Just months after prosecutors alleged a Google security engineer turned confidential search data into a $1.2 million prediction-market side hustle, venture-backed startup Tickr announced Tuesday that it is bringing the same spirit of diseased opportunism to death itself with a new platform for trading “obituary futures” on celebrities, politicians, and other medically interesting public figures. The app, which looks like Robinhood if Robinhood had spent a weekend huffing formaldehyde, allows users to buy Yes or No contracts on whether a public figure will die within a given window, then track their positions on a sleek dashboard featuring implied probability, social chatter, and a bright red tab labeled “Catalysts.”

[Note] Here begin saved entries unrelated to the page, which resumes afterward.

lemma diagonal_form_balanced:
  assumes sb: "star_symmetric_basis smul tau star B"
    and Om: "Omega \<in> carrier_mat d d" and OmO: "mat_over (val_ring nu) Omega"
    and int: "\<forall>x\<in>B. Omega * rho x = transpose_mat (rho (star x)) * Omega"
    and off: "\<forall>i<d. \<forall>j<d. i \<noteq> j \<longrightarrow> Omega $$ (i,j) \<in> val_ideal nu"
    and diag: "\<forall>i<d. Omega $$ (i,i) \<notin> val_ideal nu"
  shows "\<exists>a. nu cl = - (a + a) \<and> balanced nu smul tau star cl rho \<and>
    (\<forall>v. v \<noteq> 0 \<and> nu v = a \<longrightarrow>
      (\<forall>x\<in>B. \<forall>s<d. \<forall>t<d. v * rho x $$ (s,t) \<in> val_ring nu \<and>
         Omega $$ (t,t) * (v * rho (star x) $$ (t,s)) - Omega $$ (s,s) * (v * rho x $$ (s,t))
           \<in> val_ideal nu))"
proof -
  have bound: "\<exists>m. nu cl = m + m \<and> (\<forall>b\<in>B'. mat_val_ge nu (rho b) m)"
    if sb': "star_symmetric_basis smul tau star B'" for B'
  proof -
    interpret schur_orthogonality nu rho d star B' cl by (rule schur_orthogonality_basis[OF sb'])
    show ?thesis
      by (rule diagonal_form_val_bound[OF Om OmO off diag])
        (use intertwining_basis_change[OF sb sb' Om int] in blast)
  qed
  obtain m where m: "nu cl = m + m" and bd: "\<forall>b\<in>B. mat_val_ge nu (rho b) m"
    using bound[OF sb] by blast
  have star_B: "star x \<in> B" if "x \<in> B" for x using sb that unfolding star_symmetric_basis_def by blast
  have "\<forall>v. v \<noteq> 0 \<and> nu v = - m \<longrightarrow>
      (\<forall>x\<in>B. \<forall>s<d. \<forall>t<d. v * rho x $$ (s,t) \<in> val_ring nu \<and>
         Omega $$ (t,t) * (v * rho (star x) $$ (t,s)) - Omega $$ (s,s) * (v * rho x $$ (s,t))
           \<in> val_ideal nu)"
  proof (intro allI impI ballI conjI)
    fix v x s t assume v: "v \<noteq> 0 \<and> nu v = - m" and x: "x \<in> B" and st: "s < d" "t < d"
    have integral: "v * rho b $$ (i,j) \<in> val_ring nu" if "b \<in> B" "i < d" "j < d" for b i j
      using bd that v by (intro scaled_rep_integral) auto
    show "v * rho x $$ (s,t) \<in> val_ring nu" by (rule integral[OF x st])
    show "Omega $$ (t,t) * (v * rho (star x) $$ (t,s)) - Omega $$ (s,s) * (v * rho x $$ (s,t))
        \<in> val_ideal nu"
      by (rule intertwining_residue[OF val Om OmO off rep_carrier[OF rep] rep_carrier[OF rep]
            int[rule_format, OF x] st]) (use integral x star_B[OF x] in auto)
  qed
  then show ?thesis using m balancedI[OF bound m] by (intro exI[of _ "- m"]) simp
qed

Tickr founder and CEO Payne Doppan, a former product lead at two gambling startups and one meditation app and VP at Meta, said the company is merely “unlocking price discovery for mortality,” adding that death has remained “a tragically inefficient information market for too long.” Users can browse themed watchlists including “Legacy Act in Danger,” “Election-Year Natural Causes,” and “Pope Quarterly,” then refine trades with premium data layers such as hospital paparazzi sightings, skipped public appearances, legal-department-drafted family statements, and what the company calls “face color momentum.” A leaked investor memo describes the product as “Bloomberg Terminal for human expiration,” noting that user retention spikes dramatically whenever a beloved actor cancels tour dates or a senator is photographed near a staircase. The memo also outlines an expansion roadmap for untapped betting markets such as first menstration and addiction relapses.
Tickr said it has raised $48 million in seed funding from a syndicate of crypto funds, sports-betting alumni, and at least one person who’s father lives at 1600 Pennsylvania Ave. “People say this is ghoulish,” said one backer on condition of anonymity because he is still trying to sit on hospital boards. “But so was shorting the housing market, and that guy got a movie.” The startup says it has already signed partnership deals with newsletter writers, podcasters, and several AI firms that will generate “scenario-adjusted mortality forecasts” by scraping interviews for coughing fits and measuring how often a celebrity’s team uses the phrase “tired but in good spirits.”